The timeout setting (UI) or `--max-runtime-seconds` (CLI) defines the **maximum cumulative machine runtime across all parallel workers**.

* **Total compute time:** If the limit is 2 hours and the job spawns 2 machines, each can run for a maximum of 1 hour (2 machines x 1 hour = 2 hours total).
* **Divided per chunk:** Jobs are split into processing chunks to enable parallelism. The timeout is divided across chunks — a short timeout with many chunks may leave too little time per chunk.
* **Machine type matters:** Running complex Workflows on CPU increases processing time significantly. Use GPU where appropriate.

### Recommendations

* Start with a generous timeout (e.g., 4–6 hours) for large datasets or multi-stage Workflows.
* Monitor actual job runtimes to inform future timeout settings.
* Consider reducing chunk count or using video frame sub-sampling for faster processing.
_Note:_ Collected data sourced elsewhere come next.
(* Let $N\ge1$, $\lambda_0,\dots,\lambda_N>0$ and $\gamma_0,\dots,\gamma_N\in\mathbb{C}$ distinct, and let $$p(\eta,\zeta)=\sum_{i=0}^N\lambda_i^2\prod_{\substack{j=0\\ j\neq i}}^N(\zeta-\gamma_j)(1+\eta\bar\gamma_j)$$ be the polynomial defining the spectral curve of the corresponding JNR monopole. Then the holomorphic sphere of this JNR monopole is (up to the action of $U(N+1)$) $$q(z)=\Big[\frac{\lambda_0}{z-\gamma_0}:\frac{\lambda_1}{z-\gamma_1}:\cdots:\frac{\lambda_N}{z-\gamma_N}\Big],$$ i.e. $q:\mathbb{P}^1\to\mathbb{P}^N$ is a full holomorphic map of degree $N$, and its lift $\tilde q(z)=\big(\lambda_i\prod_{j\neq i}(z-\gamma_j)\big)_{i=0}^N$ satisfies $$\langle\tilde q(-1/\bar\eta),\tilde q(\zeta)\rangle=\frac{(-1)^N}{\eta^N}\,p(\eta,\zeta).$$
   Context: $\langle\cdot,\cdot\rangle$ is the standard Hermitian inner product on $\mathbb{C}^{N+1}$, conjugate-linear in the first factor. A holomorphic map $q:\mathbb{P}^1\to\mathbb{P}^N$ is full if its image is not contained in a proper projective subspace. For a charge $N$ hyperbolic monopole whose spectral curve is defined by a polynomial $p$ normalized so that $p(\eta,\zeta)=(-1)^N\eta^N\zeta^N\overline{p(-1/\bar\zeta,-1/\bar\eta)}$ and $p(-1/\bar\zeta,\zeta)\bar\zeta^N>0$ (the JNR polynomial above satisfies these), the holomorphic sphere (Murray–Norbury–Singer) is the degree $N$ full holomorphic map $q:\mathbb{P}^1\to\mathbb{P}^N$, unique up to the action of $U(N+1)$, admitting a polynomial lift $\tilde q$ with $\langle\tilde q(-1/\bar\eta),\tilde q(\zeta)\rangle=(-1)^N\eta^{-N}p(\eta,\zeta)$; its pullback of the Kähler form of $\mathbb{P}^N$ is the curvature of the limiting connection at infinity. *)

theory Defs
  imports "HOL-Analysis.Analysis" "HOL-Computational_Algebra.Polynomial"
begin

text \<open>A holomorphic map P^1 -> P^N is represented by a polynomial lift
  f 0, ..., f N :: complex poly (homogeneous coordinates of the image of
  the affine point z, the point at infinity being handled by homogenising
  to degree N).\<close>

definition no_common_zero :: "nat \<Rightarrow> (nat \<Rightarrow> complex poly) \<Rightarrow> bool" where
  "no_common_zero N f \<longleftrightarrow> (\<forall>z. \<exists>i\<le>N. poly (f i) z \<noteq> 0)"

text \<open>Degree of the map defined by a lift without common zeros: the maximum
  degree of the component polynomials (no common zero at infinity after
  homogenising to this degree).\<close>
definition lift_degree :: "nat \<Rightarrow> (nat \<Rightarrow> complex poly) \<Rightarrow> nat" where
  "lift_degree N f = Max ((\<lambda>i. degree (f i)) ` {0..N})"

text \<open>Full: the image is not contained in a proper projective subspace, i.e.
  no nontrivial linear form vanishes identically on the lift.\<close>
definition full_lift :: "nat \<Rightarrow> (nat \<Rightarrow> complex poly) \<Rightarrow> bool" where
  "full_lift N f \<longleftrightarrow>
     (\<forall>c :: nat \<Rightarrow> complex. (\<Sum>i\<le>N. smult (c i) (f i)) = 0 \<longrightarrow> (\<forall>i\<le>N. c i = 0))"

definition herm :: "nat \<Rightarrow> (nat \<Rightarrow> complex) \<Rightarrow> (nat \<Rightarrow> complex) \<Rightarrow> complex" where
  "herm N u v = (\<Sum>i\<le>N. cnj (u i) * v i)"

definition jnr_poly :: "nat \<Rightarrow> (nat \<Rightarrow> real) \<Rightarrow> (nat \<Rightarrow> complex) \<Rightarrow> complex \<Rightarrow> complex \<Rightarrow> complex" where
  "jnr_poly N lam gam \<eta> \<zeta> =
     (\<Sum>i\<le>N. (complex_of_real (lam i))\<^sup>2 *
        (\<Prod>j\<in>{0..N} - {i}. (\<zeta> - gam j) * (1 + \<eta> * cnj (gam j))))"

definition jnr_lift :: "nat \<Rightarrow> (nat \<Rightarrow> real) \<Rightarrow> (nat \<Rightarrow> complex) \<Rightarrow> nat \<Rightarrow> complex poly" where
  "jnr_lift N lam gam i = smult (complex_of_real (lam i)) (\<Prod>j\<in>{0..N} - {i}. [:- gam j, 1:])"

end

theory Submission
  imports Defs
begin

text \<open>The components of the lift are nodal polynomials: the i-th one vanishes exactly at the
  nodes gam j with j \<noteq> i. Evaluating at the node gam i, where only the i-th component
  survives, shows that the components have no common zero and are linearly independent; each is
  a product of N linear factors, so the map has degree N. The inner product identity holds term
  by term, because each factor satisfies
  cnj (-1 / cnj \<eta> - g) * (\<zeta> - g) = -(\<zeta> - g) * (1 + \<eta> * cnj g) / \<eta>.\<close>

lemma degree_prod_linear_factors:
  fixes a :: "'a \<Rightarrow> 'b::idom"
  assumes "finite A"
  shows "degree (\<Prod>j\<in>A. [:- a j, 1:]) = card A"
proof -
  have "degree (\<Prod>j\<in>A. [:- a j, 1:]) = (\<Sum>j\<in>A. degree [:- a j, 1:])"
    by (rule degree_prod_eq_sum_degree) auto
  then show ?thesis
    using assms by simp
qed

lemma nodal_family_independent:
  fixes f :: "'a \<Rightarrow> 'b::idom poly"
  assumes "finite A"
    and vanish: "\<And>i k. i \<in> A \<Longrightarrow> k \<in> A \<Longrightarrow> i \<noteq> k \<Longrightarrow> poly (f i) (x k) = 0"
    and nonzero: "\<And>k. k \<in> A \<Longrightarrow> poly (f k) (x k) \<noteq> 0"
    and combination: "(\<Sum>i\<in>A. smult (c i) (f i)) = 0"
    and "k \<in> A"
  shows "c k = 0"
proof -
  have "0 = poly (\<Sum>i\<in>A. smult (c i) (f i)) (x k)"
    using combination by simp
  also have "\<dots> = (\<Sum>i\<in>A. c i * poly (f i) (x k))"
    by (simp add: poly_sum)
  also have "\<dots> = c k * poly (f k) (x k)"
    using assms(1,5) vanish by (subst sum.remove[of _ k]) auto
  finally show ?thesis
    using nonzero \<open>k \<in> A\<close> by simp
qed

lemma cnj_antipodal_factor:
  fixes \<eta> \<zeta> g :: complex
  assumes "\<eta> \<noteq> 0"
  shows "cnj (- 1 / cnj \<eta> - g) * (\<zeta> - g) = - 1 / \<eta> * ((\<zeta> - g) * (1 + \<eta> * cnj g))"
  using assms by (simp add: field_simps)

lemma prod_cnj_antipodal_factors:
  fixes \<eta> \<zeta> :: complex and g :: "'a \<Rightarrow> complex"
  assumes "\<eta> \<noteq> 0"
  shows "(\<Prod>j\<in>B. cnj (- 1 / cnj \<eta> - g j) * (\<zeta> - g j))
       = (- 1) ^ card B / \<eta> ^ card B * (\<Prod>j\<in>B. (\<zeta> - g j) * (1 + \<eta> * cnj (g j)))"
proof -
  have "(\<Prod>j\<in>B. cnj (- 1 / cnj \<eta> - g j) * (\<zeta> - g j))
      = (\<Prod>j\<in>B. - 1 / \<eta> * ((\<zeta> - g j) * (1 + \<eta> * cnj (g j))))"
    using assms by (intro prod.cong refl cnj_antipodal_factor)
  then show ?thesis
    by (simp only: prod.distrib prod_constant power_divide)
qed

lemma poly_jnr_lift:
  "poly (jnr_lift N lam gam i) z = complex_of_real (lam i) * (\<Prod>j\<in>{0..N} - {i}. z - gam j)"
  by (simp add: jnr_lift_def poly_prod)

lemma poly_jnr_lift_off_nodes:
  assumes "i \<le> N" and "z \<noteq> gam i"
  shows "poly (jnr_lift N lam gam i) z =
    (\<Prod>j\<le>N. z - gam j) * (complex_of_real (lam i) / (z - gam i))"
  using assms by (simp add: poly_jnr_lift prod_diff1 atLeast0AtMost)

lemma poly_jnr_lift_eq_0_iff:
  assumes "lam i > 0"
  shows "poly (jnr_lift N lam gam i) z = 0 \<longleftrightarrow> (\<exists>j\<in>{0..N} - {i}. z = gam j)"
  using assms by (simp add: poly_jnr_lift)

lemma poly_jnr_lift_at_own_node:
  assumes "i \<le> N" and "lam i > 0" and "inj_on gam {0..N}"
  shows "poly (jnr_lift N lam gam i) (gam i) \<noteq> 0"
  using assms by (auto simp: poly_jnr_lift_eq_0_iff inj_on_def)

lemma poly_jnr_lift_at_other_node:
  assumes "k \<le> N" and "i \<noteq> k"
  shows "poly (jnr_lift N lam gam i) (gam k) = 0"
  using assms by (auto simp: poly_jnr_lift)

lemma degree_jnr_lift:
  assumes "i \<le> N" and "lam i > 0"
  shows "degree (jnr_lift N lam gam i) = N"
  using assms by (simp add: jnr_lift_def degree_prod_linear_factors)

lemma no_common_zero_jnr_lift:
  assumes "\<forall>i\<le>N. lam i > 0" and "inj_on gam {0..N}"
  shows "no_common_zero N (jnr_lift N lam gam)"
  unfolding no_common_zero_def
proof
  fix z
  show "\<exists>i\<le>N. poly (jnr_lift N lam gam i) z \<noteq> 0"
  proof (cases "\<exists>k\<le>N. z = gam k")
    case True
    then obtain k where "k \<le> N" "z = gam k"
      by blast
    with assms show ?thesis
      using poly_jnr_lift_at_own_node by blast
  next
    case False
    then show ?thesis
      using assms(1) by (auto simp: poly_jnr_lift_eq_0_iff)
  qed
qed

lemma lift_degree_jnr_lift:
  assumes "\<forall>i\<le>N. lam i > 0"
  shows "lift_degree N (jnr_lift N lam gam) = N"
proof -
  have "(\<lambda>i. degree (jnr_lift N lam gam i)) ` {0..N} = {N}"
    using assms degree_jnr_lift by auto
  then show ?thesis
    by (simp add: lift_degree_def)
qed

lemma full_lift_jnr_lift:
  assumes "\<forall>i\<le>N. lam i > 0" and "inj_on gam {0..N}"
  shows "full_lift N (jnr_lift N lam gam)"
  unfolding full_lift_def
proof (intro allI impI)
  fix c :: "nat \<Rightarrow> complex" and k
  assume combination: "(\<Sum>i\<le>N. smult (c i) (jnr_lift N lam gam i)) = 0" and "k \<le> N"
  show "c k = 0"
  proof (rule nodal_family_independent[of "{..N}" "jnr_lift N lam gam" gam])
    show "poly (jnr_lift N lam gam i) (gam j) = 0" if "i \<in> {..N}" "j \<in> {..N}" "i \<noteq> j" for i j
      using that by (simp add: poly_jnr_lift_at_other_node)
    show "poly (jnr_lift N lam gam j) (gam j) \<noteq> 0" if "j \<in> {..N}" for j
      using that assms by (simp add: poly_jnr_lift_at_own_node)
  qed (use combination \<open>k \<le> N\<close> in simp_all)
qed

lemma herm_jnr_lift:
  assumes "\<eta> \<noteq> 0"
  shows "herm N (\<lambda>i. poly (jnr_lift N lam gam i) (- 1 / cnj \<eta>))
                (\<lambda>i. poly (jnr_lift N lam gam i) \<zeta>)
         = (- 1) ^ N / \<eta> ^ N * jnr_poly N lam gam \<eta> \<zeta>"
proof -
  have card_others: "card ({0..N} - {i}) = N" if "i \<le> N" for i
    using that by simp
  have summand: "cnj (poly (jnr_lift N lam gam i) (- 1 / cnj \<eta>)) * poly (jnr_lift N lam gam i) \<zeta>
      = (- 1) ^ N / \<eta> ^ N * ((complex_of_real (lam i))\<^sup>2 *
          (\<Prod>j\<in>{0..N} - {i}. (\<zeta> - gam j) * (1 + \<eta> * cnj (gam j))))"
    if "i \<le> N" for i
  proof -
    have "cnj (poly (jnr_lift N lam gam i) (- 1 / cnj \<eta>)) * poly (jnr_lift N lam gam i) \<zeta>
        = (complex_of_real (lam i))\<^sup>2 *
            (\<Prod>j\<in>{0..N} - {i}. cnj (- 1 / cnj \<eta> - gam j) * (\<zeta> - gam j))"
      by (simp add: poly_jnr_lift cnj_prod prod.distrib power2_eq_square)
    also have "\<dots> = (complex_of_real (lam i))\<^sup>2 * ((- 1) ^ N / \<eta> ^ N *
        (\<Prod>j\<in>{0..N} - {i}. (\<zeta> - gam j) * (1 + \<eta> * cnj (gam j))))"
      using that by (simp only: prod_cnj_antipodal_factors[OF assms] card_others)
    finally show ?thesis
      by simp
  qed
  show ?thesis
    unfolding herm_def jnr_poly_def sum_distrib_left
    using summand by (intro sum.cong) auto
qed

theorem mainTheorem5:
  fixes N :: nat and lam :: "nat \<Rightarrow> real" and gam :: "nat \<Rightarrow> complex"
  assumes "N \<ge> 1"
    and "\<forall>i\<le>N. lam i > 0"
    and "inj_on gam {0..N}"
  shows "(\<forall>z. (\<forall>j\<le>N. z \<noteq> gam j) \<longrightarrow>
            (\<forall>i\<le>N. poly (jnr_lift N lam gam i) z =
               (\<Prod>j\<le>N. z - gam j) * (complex_of_real (lam i) / (z - gam i))))
       \<and> no_common_zero N (jnr_lift N lam gam)
       \<and> lift_degree N (jnr_lift N lam gam) = N
       \<and> full_lift N (jnr_lift N lam gam)
       \<and> (\<forall>\<eta> \<zeta>. \<eta> \<noteq> 0 \<longrightarrow>
            herm N (\<lambda>i. poly (jnr_lift N lam gam i) (- 1 / cnj \<eta>))
                   (\<lambda>i. poly (jnr_lift N lam gam i) \<zeta>)
            = (-1) ^ N / \<eta> ^ N * jnr_poly N lam gam \<eta> \<zeta>)"
  using assms(2,3)
  by (blast intro: poly_jnr_lift_off_nodes no_common_zero_jnr_lift lift_degree_jnr_lift
      full_lift_jnr_lift herm_jnr_lift)

end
## Workflow with SAHI Runs Too Long

### Issue

Jobs using SAHI — particularly with high-resolution inputs and instance segmentation — may take much longer than expected.

### Causes and Recommendations

**Excessive number of slices:** SAHI splits images into smaller slices for detection. With default settings and high-resolution inputs, this can mean dozens or hundreds of inferences per image.

* Check the Image Slicer block configuration. Reduce slices or downscale inputs using a Resize Image block earlier in the Workflow.

**Consider larger model input size instead of SAHI:** Training a model with larger input dimensions can eliminate the need for SAHI entirely. Test on a small sample first.

**Instance segmentation bottleneck:** When SAHI is used with instance segmentation, the Detections Stitch block (especially with NMS) can become a major bottleneck — stitching a single frame can take tens of seconds.

**Video jobs with SAHI:** Use FPS sub-sampling to skip frames:

* In the UI, use the **Video FPS sub-sampling** dropdown.
* In the CLI, use the `--max-video-fps` flag.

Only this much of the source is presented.